Men had higher mean IGF-1 levels than women [129.5 ± 45.8 ng/ml (range, 21–354) versus 108.9 ± 43.9 (range, 37–189); P < 0.0001] and lower IGFBP-3 levels [3048 ± 693 ng/ml (range, 1278–5653) versus 3430 ± 690 (range, 1169–5609); P < 0.0001]. The molar ratio of IGF-1:IGFBP-3 was significantly higher in men than women [0.156 ± 0.04 (range, 0.05–0.288) versus 0.116 ± 0.033 (range 0.047–0.200); P < 0.0001]. Fasting insulin levels were similar between men and women.
Spearman correlation coefficients describing associations between IGF measures (IGF-1, IGFBP-3, and IGF-1:IGFBP-3) and insulin with age, BMI, and fat distribution are shown for men and women in Tables 2A and 2B Table 2, respectively. In men and women, there was no significant relationship between IGF-1, IGFBP-3, and the ratio IGF-1:IGFBP-3 with total fat, BMI, or visceral or subcutaneous fat. In men, there was a statistically significant negative correlation between IGF-1 and age (r, −0.22; P = 0.0001), IGFBP-3 and age (r, −0.17; P = 0.005), and the molar ratio of IGF-1:IGFBP-3 and age (r, −0.016; P = 0.009), although the absolute values of the correlation coefficients were small. In women, there was no statistically significant age association with IGF-1 or the molar ratio, and a borderline association with IGFBP-3 (r, −0.014; P = 0.07). Adjusting for age in a multivariate model did not affect the results.
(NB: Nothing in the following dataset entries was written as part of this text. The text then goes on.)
definition is_hom :: "('r, 'a) struc \<Rightarrow> ('r, 'b) struc \<Rightarrow> ('a \<Rightarrow> 'b) \<Rightarrow> bool" where
  "is_hom A B h \<longleftrightarrow> h \<in> univ A \<rightarrow> univ B \<and> (\<forall>R t. t \<in> rels A R \<longrightarrow> map h t \<in> rels B R)"

text \<open>Homomorphisms as extensional functions (so that they form a set in bijection).\<close>

definition homs :: "('r, 'a) struc \<Rightarrow> ('r, 'b) struc \<Rightarrow> ('a \<Rightarrow> 'b) set" where
  "homs A B = {h \<in> univ A \<rightarrow>\<^sub>E univ B. is_hom A B h}"

definition partial_hom :: "('r, 'a) struc \<Rightarrow> ('r, 'b) struc \<Rightarrow> 'a set \<Rightarrow> ('a \<Rightarrow> 'b) \<Rightarrow> bool" where
  "partial_hom A B X f \<longleftrightarrow> f \<in> X \<rightarrow> univ B \<and>
     (\<forall>R t. t \<in> rels A R \<and> set t \<subseteq> X \<longrightarrow> map f t \<in> rels B R)"

text \<open>Duplicator strategies in the k-bounded g-guarded simulation game from A to B:
  to each sequence of Spoiler moves p = [X_1,...,X_n] the strategy assigns the
  partial homomorphism phi_n : X_n \<rightarrow> Y_n (as an extensional function on X_n),
  where Y_n is some k-guarded set of B.\<close>

definition win_strategies ::
  "nat \<Rightarrow> guard \<Rightarrow> ('r, 'a) struc \<Rightarrow> ('r, 'b) struc \<Rightarrow> ('a set list \<Rightarrow> 'a \<Rightarrow> 'b) set" where
  "win_strategies k g A B =
    {S \<in> (\<Pi>\<^sub>E p \<in> plays k g A. last p \<rightarrow>\<^sub>E univ B).
       (\<forall>p \<in> plays k g A.
          partial_hom A B (last p) (S p) \<and>
          (\<exists>Y. kguarded k g B Y \<and> S p ` last p \<subseteq> Y)) \<and>
       (\<forall>p X. p \<in> plays k g A \<and> kguarded k g A X \<longrightarrow>
          (\<forall>a \<in> X \<inter> last p. S (p @ [X]) a = S p a))}"

definition guarded_sim :: "nat \<Rightarrow> guard \<Rightarrow> ('r, 'a) struc \<Rightarrow> ('r, 'b) struc \<Rightarrow> bool" where
  "guarded_sim k g A B \<longleftrightarrow> win_strategies k g A B \<noteq> {}"

definition hom_to_strategy ::
  "nat \<Rightarrow> guard \<Rightarrow> ('r, 'a) struc \<Rightarrow> (('a set list \<times> 'a) set \<Rightarrow> 'b) \<Rightarrow> ('a set list \<Rightarrow> 'a \<Rightarrow> 'b)" where
  "hom_to_strategy k g A h = (\<lambda>p \<in> plays k g A. \<lambda>a \<in> last p. h (pcls k g A p a))"

end

theory Submission
  imports Defs
begin

(* A winning Duplicator strategy S answers a play p with a partial homomorphism
   S p on last p, and S (p @ [X]) agrees with S p on X \<inter> last p.  Along the
   prefix path between two equivalent focussed plays the focussed element stays
   in every last move, so S p a is constant on each class [p, a]; and the
   partial-homomorphism condition for all plays is precisely the homomorphism
   condition for the relations of G_k A.  Hence S p a = h [p, a] matches winning
   strategies with homomorphisms G_k A \<rightarrow> B.  The guardedness of Duplicator's
   answers comes for free: extending p by the whole guard of last p turns the
   answer on that guard into a partial homomorphism, and partial homomorphisms
   preserve atom and loose guards. *)

definition in_last_along :: "'a \<Rightarrow> 'a set list \<Rightarrow> 'a set list \<Rightarrow> bool" where
  "in_last_along a m p \<longleftrightarrow> (\<forall>r. prefix m r \<and> prefix r p \<longrightarrow> a \<in> last r)"

lemma in_last_along_refl: "a \<in> last p \<Longrightarrow> in_last_along a p p"
  unfolding in_last_along_def by (metis prefix_order.antisym)

lemma in_last_along_snocD:
  assumes "in_last_along a m (p @ [X])" and "prefix m p"
  shows "in_last_along a m p" and "a \<in> last p" and "a \<in> X"
proof -
  show "in_last_along a m p"
    using assms unfolding in_last_along_def by (metis prefix_snoc)
  then show "a \<in> last p"
    using assms(2) unfolding in_last_along_def by blast
  show "a \<in> X"
    using assms(1) assms(2) unfolding in_last_along_def
    by (metis last_snoc prefix_order.refl prefix_snoc)
qed

lemma in_last_along_snocI:
  assumes "in_last_along a m p" and "prefix m p" and "a \<in> X"
  shows "in_last_along a m (p @ [X])"
  using assms unfolding in_last_along_def by (metis last_snoc prefix_snoc)

lemma in_last_along_trans:
  assumes "in_last_along a m q" and "prefix m' q" and "prefix m m'"
    and "in_last_along a m' p" and "prefix m' p"
  shows "in_last_along a m p"
  unfolding in_last_along_def
proof (intro allI impI)
  fix r assume r: "prefix m r \<and> prefix r p"
  then have "prefix r m' \<or> prefix m' r"
    using assms(5) prefix_same_cases by blast
  then show "a \<in> last r"
    using assms r unfolding in_last_along_def by (meson prefix_order.trans)
qed
lemma card_common_roots_le:
  assumes "m > 0" "s > 0" "coprime_family n s P"
  shows "real (card {x \<in> grid m n. \<forall>c\<in>P. int s dvd mlin_eval n c x})
           \<le> real m ^ n * (real n / real m + real (piltz n s) / real s)"
  using assms(2,3)
proof (induction n arbitrary: s P)
  case 0
  have mlin_eval_0: "mlin_eval 0 c x = c {}" for c x
    by (simp add: mlin_eval_def)
  show ?case
  proof (cases "s = 1")
    case True
    have "card {x \<in> grid m 0. \<forall>c\<in>P. int s dvd mlin_eval 0 c x} \<le> card (grid m 0)"
      by (intro card_mono) auto
    with True show ?thesis by simp
  next
    case False
    have "\<not> (\<forall>c\<in>P. int s dvd c {})"
    proof
      assume "\<forall>c\<in>P. int s dvd c {}"
      then have "int s dvd Gcd (insert (int s) (\<Union>c\<in>P. c ` Pow {0..<0}))"
        by (auto intro!: Gcd_greatest)
      with "0.prems" False show False
        by (simp add: coprime_family_def)
    qed
    then show ?thesis
      by (simp add: mlin_eval_0)
  qed
next
  case (Suc n)
  let ?P' = "P \<union> mlin_deriv n ` P"
  let ?roots = "\<lambda>e. {g \<in> grid m n. \<forall>c\<in>?P'. int e dvd mlin_eval n c g}"
  let ?D = "{e. e dvd s}"
  have "finite ?D" "finite (grid m n)"
    using \<open>s > 0\<close> by (auto intro: finite_PiE)
  have IH: "real (card (?roots e)) \<le> real m ^ n * (real n / real m + real (piltz n e) / real e)"
    if "e \<in> ?D" for e
    using that Suc.prems by (intro Suc.IH coprime_family_deriv) (auto intro: dvd_pos_nat)
  have swap: "(\<Sum>g\<in>grid m n. \<Sum>e\<in>{e \<in> ?D. \<forall>c\<in>?P'. int e dvd mlin_eval n c g}. real (totient e))
      = (\<Sum>e\<in>?D. real (totient e) * real (card (?roots e)))"
    using \<open>finite (grid m n)\<close> \<open>finite ?D\<close> by (rule sum_card_filter_swap)
  have "real (card {x \<in> grid m (Suc n). \<forall>c\<in>P. int s dvd mlin_eval (Suc n) c x})
      = (\<Sum>g\<in>grid m n. real (card {y \<in> {0..<int m}. \<forall>c\<in>P. int s dvd mlin_eval (Suc n) c (g(n := y))}))"
    by (simp add: card_filter_PiE_Suc)
  also have "\<dots> \<le> (\<Sum>g\<in>grid m n. 1 + real m / real s
                  * (\<Sum>e\<in>{e \<in> ?D. \<forall>c\<in>?P'. int e dvd mlin_eval n c g}. real (totient e)))"
    using card_fibre_roots_le[OF \<open>s > 0\<close>] by (intro sum_mono) simp
  also have "\<dots> = real m ^ n + real m / real s * (\<Sum>e\<in>?D. real (totient e) * real (card (?roots e)))"
    unfolding swap[symmetric] by (simp add: sum.distrib card_PiE sum_distrib_left sum_divide_distrib)
  also have "\<dots> \<le> real m ^ n + real m / real s
                  * (\<Sum>e\<in>?D. real (totient e) * (real m ^ n * (real n / real m) + real m ^ n * real (piltz n e) / real e))"
    using IH by (intro add_left_mono mult_left_mono sum_mono) (auto simp: algebra_simps)
  also have "\<dots> \<le> real m ^ n + real m / real s
                  * (real m ^ n * (real n / real m) * real s + real m ^ n * real (piltz (Suc n) s))"
    using \<open>s > 0\<close> by (intro add_left_mono mult_left_mono sum_totient_piltz_le) auto
  also have "\<dots> = real m ^ Suc n * (real (Suc n) / real m + real (piltz (Suc n) s) / real s)"
    using \<open>m > 0\<close> \<open>s > 0\<close> by (simp add: field_simps)
  finally show ?case .
qed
In contrast, fasting insulin was highly associated with anthropometric and quantitative measures of obesity in men and women. For example, fasting insulin was highly associated with VAT in men (r, 0.49; P = 0.0001) and women (r, 0.60; P = 0.0001).
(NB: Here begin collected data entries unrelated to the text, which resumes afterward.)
lemma is_arg_min_norm_sq_iff:
  fixes g :: "'b \<Rightarrow> 'a::real_inner"
  assumes "P q" and orth: "\<And>p. P p \<Longrightarrow> orthogonal (g p - g q) (g q - a)"
  shows "is_arg_min (\<lambda>p. norm (g p - a)^2 / 2) P p \<longleftrightarrow> P p \<and> g p = g q"
proof -
  have pyth: "norm (g p - a)^2 = norm (g p - g q)^2 + norm (g q - a)^2" if "P p" for p
    using norm_add_Pythagorean[OF orth[OF that]] by simp
  show ?thesis
  proof
    assume "is_arg_min (\<lambda>p. norm (g p - a)^2 / 2) P p"
    then have "P p" and "norm (g p - a)^2 \<le> norm (g q - a)^2"
      using \<open>P q\<close> by (auto simp: is_arg_min_def not_less)
    then show "P p \<and> g p = g q"
      using pyth[of p] by simp
  next
    assume p: "P p \<and> g p = g q"
    have "norm (g p - a)^2 / 2 \<le> norm (g y - a)^2 / 2" if "P y" for y
      using pyth[OF that] p zero_le_power2[of "norm (g y - g q)"] by (simp del: zero_le_power2)
    with p show "is_arg_min (\<lambda>p. norm (g p - a)^2 / 2) P p"
      by (simp add: is_arg_min_def not_less)
  qed
qed

lemma mp_pinv_eq_sandwich:
  fixes A :: "real^'m^'n"
  defines "D \<equiv> mp_pinv A"
  shows "D = transpose A ** (transpose D ** D ** transpose D) ** transpose A"
proof -
  have D: "D ** A ** D = D" "transpose (A ** D) = A ** D" "transpose (D ** A) = D ** A"
    using penrose_conditions_mp_pinv[of A] by (simp_all add: D_def penrose_conditions_def)
  have "D = transpose (D ** A) ** D ** transpose (A ** D)"
    using D by (simp add: matrix_mul_assoc)
  then show ?thesis by (simp add: matrix_transpose_mul matrix_mul_assoc)
qed

lemma mp_pinv_min_norm:
  fixes A :: "real^'m^'n"
  shows "{X. is_arg_min (\<lambda>X. norm X ^ 2 / 2) (\<lambda>X. A ** X ** A = A) X} = {mp_pinv A}"
proof -
  let ?D = "mp_pinv A"
  have ADA: "A ** ?D ** A = A"
    using penrose_conditions_mp_pinv[of A] by (simp add: penrose_conditions_def)
  have "orthogonal (X - ?D) (?D - 0)" if "A ** X ** A = A" for X
  proof -
    have "transpose (transpose A) ** (X - ?D) ** A = 0"
      using that ADA by (simp add: matrix_diff_ldistrib matrix_diff_rdistrib)
    then have "orthogonal (transpose A ** (transpose ?D ** ?D ** transpose ?D) ** transpose A) (X - ?D)"
      by (rule orthogonal_sandwich)
    then show ?thesis
      by (simp only: mp_pinv_eq_sandwich[symmetric]) (simp add: orthogonal_commute)
  qed
  then have "is_arg_min (\<lambda>X. norm X ^ 2 / 2) (\<lambda>X. A ** X ** A = A) X \<longleftrightarrow>
      A ** X ** A = A \<and> X = ?D" for X
    using is_arg_min_norm_sq_iff[where g="\<lambda>X. X" and a=0 and P="\<lambda>X. A ** X ** A = A", OF ADA] by simp
  then show ?thesis using ADA by blast
qed

lemma mp_pinv_nearest_in_sandwich_range:
  fixes A :: "real^'m^'n"
  shows "{X. \<exists>\<Gamma>. is_arg_min (\<lambda>(G, Y). norm (Y - mp_pinv A) ^ 2 / 2)
               (\<lambda>(G, Y). Y = transpose A ** G ** transpose A) (\<Gamma>, X)} = {mp_pinv A}"
proof -
  let ?D = "mp_pinv A"
  let ?M = "transpose ?D ** ?D ** transpose ?D"
  have feasible: "(\<lambda>(G, Y). Y = transpose A ** G ** transpose A) (?M, ?D)"
    by (simp add: mp_pinv_eq_sandwich[symmetric])
  have "is_arg_min (\<lambda>(G, Y). norm (Y - ?D) ^ 2 / 2)
      (\<lambda>(G, Y). Y = transpose A ** G ** transpose A) p \<longleftrightarrow>
      (\<lambda>(G, Y). Y = transpose A ** G ** transpose A) p \<and> snd p = ?D" for p
    using is_arg_min_norm_sq_iff[where g=snd and a="?D" and q="(?M, ?D)"
        and P="\<lambda>(G, Y). Y = transpose A ** G ** transpose A", OF feasible]
    by (simp add: case_prod_unfold orthogonal_def)
  then show ?thesis using feasible by auto
qed

definition sketched_projection :: "real^'n^'n \<Rightarrow> real^'t^'n \<Rightarrow> real^'n^'n \<Rightarrow> real^'n^'n" where
  "sketched_projection Xk B D = Xk + B ** (mp_pinv (transpose B ** B)
     ** (transpose B ** (D - Xk) ** B) ** mp_pinv (transpose B ** B)) ** transpose B"

lemma sketched_projection_constraint:
  "transpose B ** sketched_projection Xk B D ** B = transpose B ** D ** B"
proof -
  let ?Q = "transpose B ** B" let ?P = "mp_pinv ?Q"
  have "transpose B ** (sketched_projection Xk B D - Xk) ** B
      = (?Q ** ?P ** transpose B) ** (D - Xk) ** (B ** ?P ** ?Q)"
    by (simp add: sketched_projection_def matrix_mul_assoc)
  also have "\<dots> = transpose B ** (D - Xk) ** B"
    by (simp only: mp_pinv_gram_absorb mp_pinv_gram_absorb')
  finally show ?thesis
    by (simp add: matrix_diff_ldistrib matrix_diff_rdistrib)
qed

lemma sketched_projection_is_arg_min:
  "{X. is_arg_min (\<lambda>X. norm (X - Xk) ^ 2 / 2)
        (\<lambda>X. transpose B ** X ** B = transpose B ** D ** B) X} = {sketched_projection Xk B D}"
proof -
  let ?Xs = "sketched_projection Xk B D"
  have feasible: "transpose B ** ?Xs ** B = transpose B ** D ** B"
    by (rule sketched_projection_constraint)
  have "orthogonal (X - ?Xs) (?Xs - Xk)" if "transpose B ** X ** B = transpose B ** D ** B" for X
  proof -
    have "transpose B ** (X - ?Xs) ** B = 0"
      using that feasible by (simp add: matrix_diff_ldistrib matrix_diff_rdistrib)
    then show ?thesis
      by (simp add: sketched_projection_def orthogonal_sandwich orthogonal_commute)
  qed
  then have "is_arg_min (\<lambda>X. norm (X - Xk) ^ 2 / 2)
      (\<lambda>X. transpose B ** X ** B = transpose B ** D ** B) X \<longleftrightarrow>
      transpose B ** X ** B = transpose B ** D ** B \<and> X = ?Xs" for X
    using is_arg_min_norm_sq_iff[where g="\<lambda>X. X" and a=Xk and q="?Xs"
        and P="\<lambda>X. transpose B ** X ** B = transpose B ** D ** B", OF feasible] by simp
  then show ?thesis using feasible by blast
qed

lemma sketched_projection_is_arg_min_range:
  "{X. \<exists>\<Gamma>. is_arg_min (\<lambda>(G, Y). norm (Y - D) ^ 2 / 2)
        (\<lambda>(G, Y). Y = Xk + B ** G ** transpose B) (\<Gamma>, X)} = {sketched_projection Xk B D}"
proof -
  let ?Xs = "sketched_projection Xk B D"
  let ?P = "mp_pinv (transpose B ** B)"
  define G\<^sub>s where "G\<^sub>s = ?P ** (transpose B ** (D - Xk) ** B) ** ?P"
  have Xs: "?Xs = Xk + B ** G\<^sub>s ** transpose B"
    by (simp add: G\<^sub>s_def sketched_projection_def)
  have feasible: "(\<lambda>(G, Y). Y = Xk + B ** G ** transpose B) (G\<^sub>s, ?Xs)"
    by (simp add: Xs)
  have "orthogonal (Y - ?Xs) (?Xs - D)" if "Y = Xk + B ** G ** transpose B" for G Y
  proof -
    have "transpose B ** (?Xs - D) ** B = 0"
      using sketched_projection_constraint[of B Xk D]
      by (simp add: matrix_diff_ldistrib matrix_diff_rdistrib)
    then have "orthogonal (B ** (G - G\<^sub>s) ** transpose B) (?Xs - D)"
      by (rule orthogonal_sandwich)
    then show ?thesis
      by (simp add: that Xs matrix_diff_ldistrib matrix_diff_rdistrib)
  qed
  then have "is_arg_min (\<lambda>(G, Y). norm (Y - D) ^ 2 / 2)
      (\<lambda>(G, Y). Y = Xk + B ** G ** transpose B) p \<longleftrightarrow>
      (\<lambda>(G, Y). Y = Xk + B ** G ** transpose B) p \<and> snd p = ?Xs" for p
    using is_arg_min_norm_sq_iff[where g=snd and a=D and q="(G\<^sub>s, ?Xs)"
        and P="\<lambda>(G, Y). Y = Xk + B ** G ** transpose B", OF feasible]
    by (simp add: case_prod_unfold)
  then show ?thesis using feasible by auto
qed

theorem theorem3:
  fixes A :: "real^'n^'n" and Xk :: "real^'n^'n" and S :: "real^'t^'n"
  assumes symA: "transpose A = A"
  shows
   "{X. is_arg_min (\<lambda>X. frob X ^ 2 / 2) (\<lambda>X. A ** X ** A = A) X}
      = {X. \<exists>\<Gamma>::real^'n^'n. is_arg_min (\<lambda>(G, Y). frob (mp_pinv A - Y) ^ 2 / 2)
                               (\<lambda>(G, Y). Y = A ** G ** A) (\<Gamma>, X)}
    \<and> {X. is_arg_min (\<lambda>X. frob (X - Xk) ^ 2 / 2)
                      (\<lambda>X. transpose S ** A ** X ** A ** S = transpose S ** A ** S) X}
      = {X. \<exists>\<Gamma>::real^'t^'t. is_arg_min (\<lambda>(G, Y). frob (Y - mp_pinv A) ^ 2 / 2)
                               (\<lambda>(G, Y). Y = Xk + A ** S ** G ** transpose S ** A) (\<Gamma>, X)}
    \<and> {X. is_arg_min (\<lambda>X. frob (X - Xk) ^ 2 / 2)
                      (\<lambda>X. transpose S ** A ** X ** A ** S = transpose S ** A ** S) X}
      = {Xk + A ** S ** mp_pinv (transpose S ** A ** A ** S) ** transpose S
              ** (A - A ** Xk ** A) ** S ** mp_pinv (transpose S ** A ** A ** S)
              ** transpose S ** A}"
proof -
  let ?D = "mp_pinv A"
  define B where "B = A ** S"
  have tB: "transpose B = transpose S ** A"
    using symA by (simp add: B_def matrix_transpose_mul)
  have sketch: "transpose S ** A ** X ** A ** S = transpose B ** X ** B" for X
    unfolding tB by (simp add: B_def matrix_mul_assoc)
  have "A ** ?D ** A = A"
    using penrose_conditions_mp_pinv[of A] by (simp add: penrose_conditions_def)
  then have target: "transpose S ** A ** S = transpose B ** ?D ** B"
    using sketch[of ?D] by (metis matrix_mul_assoc)
  have residual: "transpose S ** (A - A ** Xk ** A) ** S = transpose B ** (?D - Xk) ** B"
    by (simp add: matrix_diff_ldistrib matrix_diff_rdistrib target sketch matrix_mul_assoc)
  have gram: "transpose S ** A ** A ** S = transpose B ** B"
    unfolding tB by (simp add: B_def matrix_mul_assoc)
  have "Xk + A ** S ** mp_pinv (transpose S ** A ** A ** S) ** transpose S
      ** (A - A ** Xk ** A) ** S ** mp_pinv (transpose S ** A ** A ** S) ** transpose S ** A
      = sketched_projection Xk B ?D"
    unfolding sketched_projection_def residual[symmetric] gram[symmetric] unfolding tB
    by (simp add: B_def matrix_mul_assoc)
  moreover have "(\<lambda>(G, Y). norm (?D - Y) ^ 2 / 2) = (\<lambda>(G::real^'n^'n, Y). norm (Y - ?D) ^ 2 / 2)"
    by (simp add: norm_minus_commute)
  moreover have "A ** S ** G ** transpose S ** A = B ** G ** transpose B" for G :: "real^'t^'t"
    unfolding tB by (simp add: B_def matrix_mul_assoc)
  ultimately show ?thesis
    using mp_pinv_min_norm[of A] mp_pinv_nearest_in_sandwich_range[of A]
      sketched_projection_is_arg_min[where Xk=Xk and B=B and D="?D"]
      sketched_projection_is_arg_min_range[where Xk=Xk and B=B and D="?D"]
    by (simp add: frob_eq_norm sketch target symA)
qed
Table 3 shows the crude and age-adjusted odds ratio of an IGF-1, IGFBP-3, IGF-1:IGFBP-3 ratio, or insulin measurement above the median for men and women in quartiles 2, 3, and 4 of VAT relative to persons in quartile 1. Insulin showed a strong, consistent dose-response relationship with VAT quartile. The age-adjusted odds of having an insulin measurement above the median was 48.9-fold (95% CI, 14.4–166.0; P < 0.0001) greater in men in quartile 4 of VAT, relative to men in quartile 1. The corresponding odds ratio in women was 30.7 (95% CI, 7.9–118.8; P < 0.0001; Table 3). In contrast, the odds of having an IGF-1, IGFBP-3, or IGF-1:IGFBP-3 above the median was similar in men and women regardless of their quartile of VAT. Similar evaluation did not produce evidence for a linear association between any IGF-related measure and quartile levels of any of the other measures of obesity including BMI, weight, subcutaneous fat, total abdominal fat, VAT as a percentage of total abdominal fat, and SQAT as a percentage of total abdominal fat (data not shown).
Because we intentionally over-sampled persons with abnormal flexible sigmoidoscopy results, we used ANOVA to examine the effects of obesity and body fat distribution on mean levels of IGF-1, IGFBP-3, IGF-1:IGFBP-3, and insulin, while adjusting for the effects of disease state. From completed diagnostic evaluations, we could unambiguously classify 409 (94.7%) of 432 subjects into one of three categories (183 with proximal and/or distal colorectal adenoma at diagnostic colonoscopy or sigmoidoscopy, 88 without adenoma at diagnostic colonoscopy, and 138 without polyp at the initial screening sigmoidoscopy). Separate ANOVA models, with terms for gender, age, age-gender interaction, disease state, and gender-disease interaction, did not uncover any consistent or significant association between any measure of obesity and any measure of the IGF-1 axis (data not shown). However, associations between adipose tissue measurements and insulin were strong and consistent.
Discussion
Insulin, IGF-1, IGFBP-3, and the ratio of IGF-1:IGFBP-3 have been associated with cancer. Understanding the determinants of IGF-1 is important because it may allow the identification of factors that affect the relationship between IGF-1 and disease. It may also allow identification of modifiable factors, which could be used to attenuate the risk induced by high-circulating free IGF-1.
In this investigation, IGF-1, IGFBP-3, insulin, and adipose tissue distribution measured by CT scanning were examined in a large, asymptomatic, community-based sample. CT scanning is a highly accurate, reproducible, and repeatable measure of visceral fat (29, 32, 33). A single-slice CT scan through the L4-L5 interspace is highly correlated with VAT measurement assessed by complete abdominal scanning and is more accurate than anthropometric assessment of VAT (32). For example, sagittal diameter is equivalent to waist circumference in estimating VAT (34), but as small as a 2-cm range in sagittal diameter can be associated with a 3-fold difference in VAT (32). Using this accurate technique, we found no significant linear or nonlinear relationship between obesity, estimated by BMI or weight or by total, visceral, or subcutaneous fat measured by abdominal CT scan, and the IGF-1 axis. Nor did the relative percentage of SQAT or VAT correlate with the IGF-1 axis.
In contrast, and consistent with previous investigations (23, 24, 25), insulin was highly correlated with obesity and with VAT and demonstrated a strong, consistent, dose-response relationship to VAT quartile. The age-adjusted odds of having an insulin measurement above the median was nearly 50-fold greater in men in quartile 4 relative to men in quartile 1, and the corresponding odds ratio in women was over 30-fold greater.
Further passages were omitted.